* _Aim of the task_:
Find the word "length" in the material below and gather every line that contains it.

Start of Block

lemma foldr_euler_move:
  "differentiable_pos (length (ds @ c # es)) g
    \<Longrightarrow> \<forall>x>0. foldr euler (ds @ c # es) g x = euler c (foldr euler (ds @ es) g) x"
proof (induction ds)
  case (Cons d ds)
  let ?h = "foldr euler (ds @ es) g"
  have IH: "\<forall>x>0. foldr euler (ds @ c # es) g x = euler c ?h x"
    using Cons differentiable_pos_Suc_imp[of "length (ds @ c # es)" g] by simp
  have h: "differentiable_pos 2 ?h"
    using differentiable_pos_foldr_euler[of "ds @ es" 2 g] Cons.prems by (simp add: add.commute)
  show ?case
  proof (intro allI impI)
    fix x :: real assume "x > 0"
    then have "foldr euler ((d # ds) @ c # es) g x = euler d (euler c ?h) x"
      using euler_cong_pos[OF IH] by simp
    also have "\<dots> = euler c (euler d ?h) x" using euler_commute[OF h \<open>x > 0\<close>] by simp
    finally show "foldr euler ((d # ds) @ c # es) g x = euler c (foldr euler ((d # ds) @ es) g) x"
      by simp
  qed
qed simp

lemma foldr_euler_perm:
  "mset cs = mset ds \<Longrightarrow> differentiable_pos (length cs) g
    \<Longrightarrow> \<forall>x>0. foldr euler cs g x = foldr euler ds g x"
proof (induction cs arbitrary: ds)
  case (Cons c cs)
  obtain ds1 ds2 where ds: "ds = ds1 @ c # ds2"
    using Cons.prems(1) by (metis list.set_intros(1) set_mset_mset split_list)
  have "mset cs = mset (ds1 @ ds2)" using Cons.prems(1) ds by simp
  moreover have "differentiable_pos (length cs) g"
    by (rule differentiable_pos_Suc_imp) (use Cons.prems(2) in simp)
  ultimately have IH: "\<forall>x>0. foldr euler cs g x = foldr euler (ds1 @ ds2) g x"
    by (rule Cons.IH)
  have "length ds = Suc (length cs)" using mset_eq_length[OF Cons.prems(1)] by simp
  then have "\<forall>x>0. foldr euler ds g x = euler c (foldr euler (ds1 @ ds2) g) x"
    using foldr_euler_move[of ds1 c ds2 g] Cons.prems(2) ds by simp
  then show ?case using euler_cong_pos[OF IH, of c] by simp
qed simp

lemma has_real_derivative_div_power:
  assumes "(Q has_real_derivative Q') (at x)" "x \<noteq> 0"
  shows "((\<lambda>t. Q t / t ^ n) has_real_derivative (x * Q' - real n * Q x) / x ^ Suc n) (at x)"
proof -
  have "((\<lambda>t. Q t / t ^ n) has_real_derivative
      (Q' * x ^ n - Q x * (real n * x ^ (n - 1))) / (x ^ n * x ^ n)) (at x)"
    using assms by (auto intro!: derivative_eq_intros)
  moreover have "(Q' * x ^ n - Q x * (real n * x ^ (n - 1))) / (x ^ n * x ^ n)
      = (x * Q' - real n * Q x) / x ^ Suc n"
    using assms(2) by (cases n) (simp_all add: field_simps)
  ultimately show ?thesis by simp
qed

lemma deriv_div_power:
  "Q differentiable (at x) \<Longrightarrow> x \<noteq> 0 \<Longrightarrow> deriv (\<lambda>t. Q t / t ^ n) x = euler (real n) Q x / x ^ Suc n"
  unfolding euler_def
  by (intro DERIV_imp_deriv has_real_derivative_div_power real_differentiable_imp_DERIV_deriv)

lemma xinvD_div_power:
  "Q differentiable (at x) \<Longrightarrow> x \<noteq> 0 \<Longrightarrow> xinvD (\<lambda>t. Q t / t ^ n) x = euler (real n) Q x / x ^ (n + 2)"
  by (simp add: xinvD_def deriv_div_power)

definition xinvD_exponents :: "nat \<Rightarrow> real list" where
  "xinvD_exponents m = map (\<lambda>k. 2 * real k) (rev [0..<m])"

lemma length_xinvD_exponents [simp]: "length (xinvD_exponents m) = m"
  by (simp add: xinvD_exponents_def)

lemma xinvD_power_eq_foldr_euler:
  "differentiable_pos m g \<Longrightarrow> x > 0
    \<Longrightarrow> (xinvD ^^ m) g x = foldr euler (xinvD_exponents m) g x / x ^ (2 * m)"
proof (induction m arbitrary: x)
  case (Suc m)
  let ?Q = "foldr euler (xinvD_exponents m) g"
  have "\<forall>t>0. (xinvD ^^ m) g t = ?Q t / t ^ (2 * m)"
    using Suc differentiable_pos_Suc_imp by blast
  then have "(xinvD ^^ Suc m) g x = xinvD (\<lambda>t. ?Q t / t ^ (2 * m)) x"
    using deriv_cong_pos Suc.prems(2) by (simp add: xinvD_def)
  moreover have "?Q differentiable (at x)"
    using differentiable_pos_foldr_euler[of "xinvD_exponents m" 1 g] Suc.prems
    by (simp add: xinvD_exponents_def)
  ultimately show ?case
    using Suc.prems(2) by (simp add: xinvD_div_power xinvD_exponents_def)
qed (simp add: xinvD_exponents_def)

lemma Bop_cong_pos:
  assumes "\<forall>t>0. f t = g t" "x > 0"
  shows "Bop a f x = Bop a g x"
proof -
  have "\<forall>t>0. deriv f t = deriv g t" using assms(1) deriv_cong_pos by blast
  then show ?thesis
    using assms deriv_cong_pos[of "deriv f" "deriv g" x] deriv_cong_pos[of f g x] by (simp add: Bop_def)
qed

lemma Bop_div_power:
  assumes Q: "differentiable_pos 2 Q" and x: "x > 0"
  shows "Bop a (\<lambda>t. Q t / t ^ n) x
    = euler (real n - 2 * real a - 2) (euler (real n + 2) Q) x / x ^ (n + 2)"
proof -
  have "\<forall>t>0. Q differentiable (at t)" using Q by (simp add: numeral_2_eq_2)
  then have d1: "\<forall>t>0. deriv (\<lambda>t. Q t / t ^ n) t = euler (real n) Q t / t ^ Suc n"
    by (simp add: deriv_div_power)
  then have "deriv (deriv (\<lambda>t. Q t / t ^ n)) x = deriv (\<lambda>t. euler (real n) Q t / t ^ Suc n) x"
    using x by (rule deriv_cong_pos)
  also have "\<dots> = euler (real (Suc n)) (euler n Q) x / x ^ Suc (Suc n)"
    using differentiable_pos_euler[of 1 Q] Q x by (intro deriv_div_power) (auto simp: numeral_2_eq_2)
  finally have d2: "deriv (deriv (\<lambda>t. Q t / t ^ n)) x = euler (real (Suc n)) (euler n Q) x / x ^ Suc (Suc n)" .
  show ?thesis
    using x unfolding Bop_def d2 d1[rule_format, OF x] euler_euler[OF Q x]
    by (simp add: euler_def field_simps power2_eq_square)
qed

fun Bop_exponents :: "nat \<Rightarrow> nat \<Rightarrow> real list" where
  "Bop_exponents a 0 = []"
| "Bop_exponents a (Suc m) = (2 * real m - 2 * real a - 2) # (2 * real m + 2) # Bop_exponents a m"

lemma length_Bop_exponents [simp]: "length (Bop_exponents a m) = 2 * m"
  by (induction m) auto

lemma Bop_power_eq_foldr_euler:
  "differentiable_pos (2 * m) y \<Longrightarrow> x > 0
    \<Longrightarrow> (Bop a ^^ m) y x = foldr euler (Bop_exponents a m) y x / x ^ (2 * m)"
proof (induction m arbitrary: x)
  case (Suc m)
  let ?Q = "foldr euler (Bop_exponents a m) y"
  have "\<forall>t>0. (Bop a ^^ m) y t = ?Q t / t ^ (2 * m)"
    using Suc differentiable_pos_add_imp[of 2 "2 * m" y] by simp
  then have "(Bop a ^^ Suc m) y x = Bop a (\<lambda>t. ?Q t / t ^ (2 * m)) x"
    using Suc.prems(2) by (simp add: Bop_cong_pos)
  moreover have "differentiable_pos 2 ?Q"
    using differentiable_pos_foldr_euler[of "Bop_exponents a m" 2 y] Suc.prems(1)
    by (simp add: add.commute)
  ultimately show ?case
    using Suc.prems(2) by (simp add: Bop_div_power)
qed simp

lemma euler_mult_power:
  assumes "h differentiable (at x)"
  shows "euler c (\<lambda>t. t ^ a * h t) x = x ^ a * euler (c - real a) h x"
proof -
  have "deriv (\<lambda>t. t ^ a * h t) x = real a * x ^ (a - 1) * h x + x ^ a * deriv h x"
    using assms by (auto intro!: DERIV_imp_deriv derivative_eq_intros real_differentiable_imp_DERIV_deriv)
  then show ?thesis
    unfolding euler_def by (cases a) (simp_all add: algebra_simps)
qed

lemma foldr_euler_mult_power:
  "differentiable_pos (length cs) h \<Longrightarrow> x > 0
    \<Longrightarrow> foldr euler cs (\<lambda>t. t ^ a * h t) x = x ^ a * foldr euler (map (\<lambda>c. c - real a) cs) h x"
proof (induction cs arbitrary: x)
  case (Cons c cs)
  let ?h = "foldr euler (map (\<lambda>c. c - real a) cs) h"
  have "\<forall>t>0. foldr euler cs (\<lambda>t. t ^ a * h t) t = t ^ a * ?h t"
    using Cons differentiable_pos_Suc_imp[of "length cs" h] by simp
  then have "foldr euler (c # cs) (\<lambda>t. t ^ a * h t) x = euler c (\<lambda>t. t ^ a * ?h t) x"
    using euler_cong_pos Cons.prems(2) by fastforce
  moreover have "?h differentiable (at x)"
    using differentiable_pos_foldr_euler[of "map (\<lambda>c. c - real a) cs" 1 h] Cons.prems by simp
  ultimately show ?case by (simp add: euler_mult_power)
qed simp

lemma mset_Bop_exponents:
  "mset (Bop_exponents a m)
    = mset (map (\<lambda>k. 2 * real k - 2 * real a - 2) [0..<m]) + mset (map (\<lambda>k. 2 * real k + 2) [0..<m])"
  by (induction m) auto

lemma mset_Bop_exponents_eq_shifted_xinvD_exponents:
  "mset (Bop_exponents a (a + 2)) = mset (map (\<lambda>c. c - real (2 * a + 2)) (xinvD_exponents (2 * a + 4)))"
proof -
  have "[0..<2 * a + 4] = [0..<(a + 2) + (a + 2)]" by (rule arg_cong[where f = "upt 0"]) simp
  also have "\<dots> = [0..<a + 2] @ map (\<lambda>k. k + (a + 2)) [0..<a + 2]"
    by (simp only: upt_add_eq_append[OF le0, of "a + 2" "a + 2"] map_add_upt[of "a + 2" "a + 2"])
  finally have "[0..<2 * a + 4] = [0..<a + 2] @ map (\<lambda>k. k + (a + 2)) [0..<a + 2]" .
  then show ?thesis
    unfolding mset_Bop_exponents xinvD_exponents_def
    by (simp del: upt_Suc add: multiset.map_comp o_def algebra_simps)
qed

End of Block

* _Response to this exercise_:
  "differentiable_pos (length (ds @ c # es)) g
    using Cons differentiable_pos_Suc_imp[of "length (ds @ c # es)" g] by simp
  "mset cs = mset ds \<Longrightarrow> differentiable_pos (length cs) g
  moreover have "differentiable_pos (length cs) g"
  have "length ds = Suc (length cs)" using mset_eq_length[OF Cons.prems(1)] by simp
lemma length_xinvD_exponents [simp]: "length (xinvD_exponents m) = m"
lemma length_Bop_exponents [simp]: "length (Bop_exponents a m) = 2 * m"
  "differentiable_pos (length cs) h \<Longrightarrow> x > 0
    using Cons differentiable_pos_Suc_imp[of "length cs" h] by simp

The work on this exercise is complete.